[Exercise description]
All lines in the entries below that hold "forall" make up the answer.

[Supplied data]
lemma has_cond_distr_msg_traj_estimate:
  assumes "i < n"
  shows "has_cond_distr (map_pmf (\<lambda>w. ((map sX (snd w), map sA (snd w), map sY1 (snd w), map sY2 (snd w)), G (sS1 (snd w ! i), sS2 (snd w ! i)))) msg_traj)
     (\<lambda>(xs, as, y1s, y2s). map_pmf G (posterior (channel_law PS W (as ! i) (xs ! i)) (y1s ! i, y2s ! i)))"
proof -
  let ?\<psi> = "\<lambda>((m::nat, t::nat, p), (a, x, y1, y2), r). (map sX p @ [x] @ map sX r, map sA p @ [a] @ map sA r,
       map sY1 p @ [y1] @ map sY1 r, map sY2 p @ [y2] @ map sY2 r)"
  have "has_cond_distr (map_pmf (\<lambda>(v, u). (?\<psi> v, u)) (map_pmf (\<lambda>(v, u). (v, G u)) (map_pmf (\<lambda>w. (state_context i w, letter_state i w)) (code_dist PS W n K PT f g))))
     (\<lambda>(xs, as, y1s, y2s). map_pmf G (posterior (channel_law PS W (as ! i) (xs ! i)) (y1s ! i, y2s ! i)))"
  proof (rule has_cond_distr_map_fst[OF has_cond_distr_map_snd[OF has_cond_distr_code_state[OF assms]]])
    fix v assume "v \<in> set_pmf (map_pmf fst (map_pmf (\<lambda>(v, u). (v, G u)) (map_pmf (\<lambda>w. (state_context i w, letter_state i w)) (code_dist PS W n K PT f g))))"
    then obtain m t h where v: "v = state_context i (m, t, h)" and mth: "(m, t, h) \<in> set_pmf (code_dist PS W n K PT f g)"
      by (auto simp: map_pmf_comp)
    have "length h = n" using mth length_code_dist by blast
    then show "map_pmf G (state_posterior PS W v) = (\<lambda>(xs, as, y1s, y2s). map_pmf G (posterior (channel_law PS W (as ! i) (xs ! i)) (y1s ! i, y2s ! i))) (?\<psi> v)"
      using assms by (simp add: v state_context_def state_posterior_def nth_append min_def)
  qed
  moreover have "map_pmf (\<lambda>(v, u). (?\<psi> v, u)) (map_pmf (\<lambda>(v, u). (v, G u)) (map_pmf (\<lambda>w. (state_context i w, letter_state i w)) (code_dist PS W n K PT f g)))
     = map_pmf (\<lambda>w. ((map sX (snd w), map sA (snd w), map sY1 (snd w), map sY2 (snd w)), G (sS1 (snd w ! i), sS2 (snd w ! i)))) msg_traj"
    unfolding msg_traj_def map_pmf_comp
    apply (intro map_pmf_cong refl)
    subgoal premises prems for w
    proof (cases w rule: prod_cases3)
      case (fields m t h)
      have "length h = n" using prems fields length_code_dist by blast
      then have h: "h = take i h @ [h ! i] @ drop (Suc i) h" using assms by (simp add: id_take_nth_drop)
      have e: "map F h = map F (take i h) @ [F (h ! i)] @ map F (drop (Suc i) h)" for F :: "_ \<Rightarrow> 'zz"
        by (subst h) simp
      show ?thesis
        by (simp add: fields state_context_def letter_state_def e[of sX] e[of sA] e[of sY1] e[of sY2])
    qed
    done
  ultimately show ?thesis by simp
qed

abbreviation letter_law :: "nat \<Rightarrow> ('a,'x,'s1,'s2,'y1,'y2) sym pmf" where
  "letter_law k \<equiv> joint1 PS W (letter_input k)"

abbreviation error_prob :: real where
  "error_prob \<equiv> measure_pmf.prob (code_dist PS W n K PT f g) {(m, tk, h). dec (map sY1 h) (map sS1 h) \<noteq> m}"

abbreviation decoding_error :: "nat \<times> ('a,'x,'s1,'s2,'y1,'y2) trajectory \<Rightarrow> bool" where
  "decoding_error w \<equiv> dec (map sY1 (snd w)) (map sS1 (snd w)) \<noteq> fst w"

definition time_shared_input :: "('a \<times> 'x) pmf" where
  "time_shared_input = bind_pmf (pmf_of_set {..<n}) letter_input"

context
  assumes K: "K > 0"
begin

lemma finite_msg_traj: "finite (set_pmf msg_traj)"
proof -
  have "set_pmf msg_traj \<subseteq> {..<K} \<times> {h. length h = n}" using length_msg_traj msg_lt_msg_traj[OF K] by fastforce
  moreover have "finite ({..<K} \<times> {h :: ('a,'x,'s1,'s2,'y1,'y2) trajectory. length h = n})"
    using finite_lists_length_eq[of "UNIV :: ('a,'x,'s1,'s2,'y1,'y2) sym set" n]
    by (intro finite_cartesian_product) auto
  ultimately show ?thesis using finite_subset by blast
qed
* * *
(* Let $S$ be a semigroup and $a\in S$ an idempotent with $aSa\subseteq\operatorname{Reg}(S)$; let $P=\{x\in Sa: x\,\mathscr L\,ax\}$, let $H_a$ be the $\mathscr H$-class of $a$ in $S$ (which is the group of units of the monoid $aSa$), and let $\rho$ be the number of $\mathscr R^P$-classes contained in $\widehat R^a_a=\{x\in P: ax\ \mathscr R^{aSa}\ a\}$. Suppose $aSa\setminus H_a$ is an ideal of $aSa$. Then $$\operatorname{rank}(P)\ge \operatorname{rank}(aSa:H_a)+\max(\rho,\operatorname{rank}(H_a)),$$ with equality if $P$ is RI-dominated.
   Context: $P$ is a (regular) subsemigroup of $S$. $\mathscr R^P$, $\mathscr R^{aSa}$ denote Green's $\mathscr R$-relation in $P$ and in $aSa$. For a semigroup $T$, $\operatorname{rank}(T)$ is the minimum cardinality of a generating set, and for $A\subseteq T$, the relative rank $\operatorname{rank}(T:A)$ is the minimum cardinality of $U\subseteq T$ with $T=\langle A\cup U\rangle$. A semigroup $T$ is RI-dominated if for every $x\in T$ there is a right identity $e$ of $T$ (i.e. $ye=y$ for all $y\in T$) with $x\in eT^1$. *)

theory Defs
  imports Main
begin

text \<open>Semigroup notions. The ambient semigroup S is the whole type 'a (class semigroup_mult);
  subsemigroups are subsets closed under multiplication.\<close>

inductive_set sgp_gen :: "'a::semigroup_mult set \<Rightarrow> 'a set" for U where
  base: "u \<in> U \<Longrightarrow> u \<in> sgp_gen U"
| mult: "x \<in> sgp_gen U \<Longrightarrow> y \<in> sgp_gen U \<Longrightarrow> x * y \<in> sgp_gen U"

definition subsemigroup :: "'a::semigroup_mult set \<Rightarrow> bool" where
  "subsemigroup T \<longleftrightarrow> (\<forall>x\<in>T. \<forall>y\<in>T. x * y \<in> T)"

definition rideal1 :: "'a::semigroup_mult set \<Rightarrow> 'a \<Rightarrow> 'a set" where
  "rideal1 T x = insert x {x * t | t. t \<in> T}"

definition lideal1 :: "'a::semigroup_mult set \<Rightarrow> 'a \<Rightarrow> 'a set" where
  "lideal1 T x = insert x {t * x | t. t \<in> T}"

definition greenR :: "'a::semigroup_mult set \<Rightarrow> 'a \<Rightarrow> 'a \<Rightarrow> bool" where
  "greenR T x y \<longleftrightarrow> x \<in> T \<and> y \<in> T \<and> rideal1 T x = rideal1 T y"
==
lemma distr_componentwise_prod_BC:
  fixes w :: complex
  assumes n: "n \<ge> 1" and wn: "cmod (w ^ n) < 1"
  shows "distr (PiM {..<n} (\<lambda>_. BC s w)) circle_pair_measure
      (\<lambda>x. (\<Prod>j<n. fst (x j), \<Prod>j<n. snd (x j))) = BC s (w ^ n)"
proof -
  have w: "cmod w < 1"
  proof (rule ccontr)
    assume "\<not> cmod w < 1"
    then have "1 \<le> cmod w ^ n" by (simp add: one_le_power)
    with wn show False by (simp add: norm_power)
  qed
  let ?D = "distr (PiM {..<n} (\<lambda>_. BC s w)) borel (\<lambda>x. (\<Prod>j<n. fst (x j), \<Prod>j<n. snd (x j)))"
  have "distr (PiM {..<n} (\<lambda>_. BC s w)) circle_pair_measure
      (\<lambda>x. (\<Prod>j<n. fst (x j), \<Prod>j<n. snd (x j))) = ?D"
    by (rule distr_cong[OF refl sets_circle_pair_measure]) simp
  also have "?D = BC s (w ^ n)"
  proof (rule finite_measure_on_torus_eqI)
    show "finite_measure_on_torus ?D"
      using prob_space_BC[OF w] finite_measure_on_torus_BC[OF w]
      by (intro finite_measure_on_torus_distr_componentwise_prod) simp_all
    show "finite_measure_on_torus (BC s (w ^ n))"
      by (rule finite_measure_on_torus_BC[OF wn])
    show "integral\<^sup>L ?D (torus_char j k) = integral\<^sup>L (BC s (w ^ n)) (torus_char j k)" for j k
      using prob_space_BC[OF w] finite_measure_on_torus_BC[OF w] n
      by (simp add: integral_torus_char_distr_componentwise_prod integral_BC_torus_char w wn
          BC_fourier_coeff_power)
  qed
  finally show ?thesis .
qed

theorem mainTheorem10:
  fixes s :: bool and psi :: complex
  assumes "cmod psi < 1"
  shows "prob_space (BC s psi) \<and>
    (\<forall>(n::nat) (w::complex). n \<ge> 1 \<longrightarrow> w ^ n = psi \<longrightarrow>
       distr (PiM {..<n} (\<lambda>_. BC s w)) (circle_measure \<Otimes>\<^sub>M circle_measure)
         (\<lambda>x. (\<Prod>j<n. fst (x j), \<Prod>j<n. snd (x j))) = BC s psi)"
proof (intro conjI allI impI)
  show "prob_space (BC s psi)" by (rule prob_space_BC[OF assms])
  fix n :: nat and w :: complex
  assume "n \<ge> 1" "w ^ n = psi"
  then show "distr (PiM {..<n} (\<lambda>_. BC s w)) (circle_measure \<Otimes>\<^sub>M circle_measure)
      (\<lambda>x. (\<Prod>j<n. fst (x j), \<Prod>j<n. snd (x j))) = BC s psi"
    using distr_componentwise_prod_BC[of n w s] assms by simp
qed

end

[Answer for this exercise]
  "subsemigroup T \<longleftrightarrow> (\<forall>x\<in>T. \<forall>y\<in>T. x * y \<in> T)"
    (\<forall>(n::nat) (w::complex). n \<ge> 1 \<longrightarrow> w ^ n = psi \<longrightarrow>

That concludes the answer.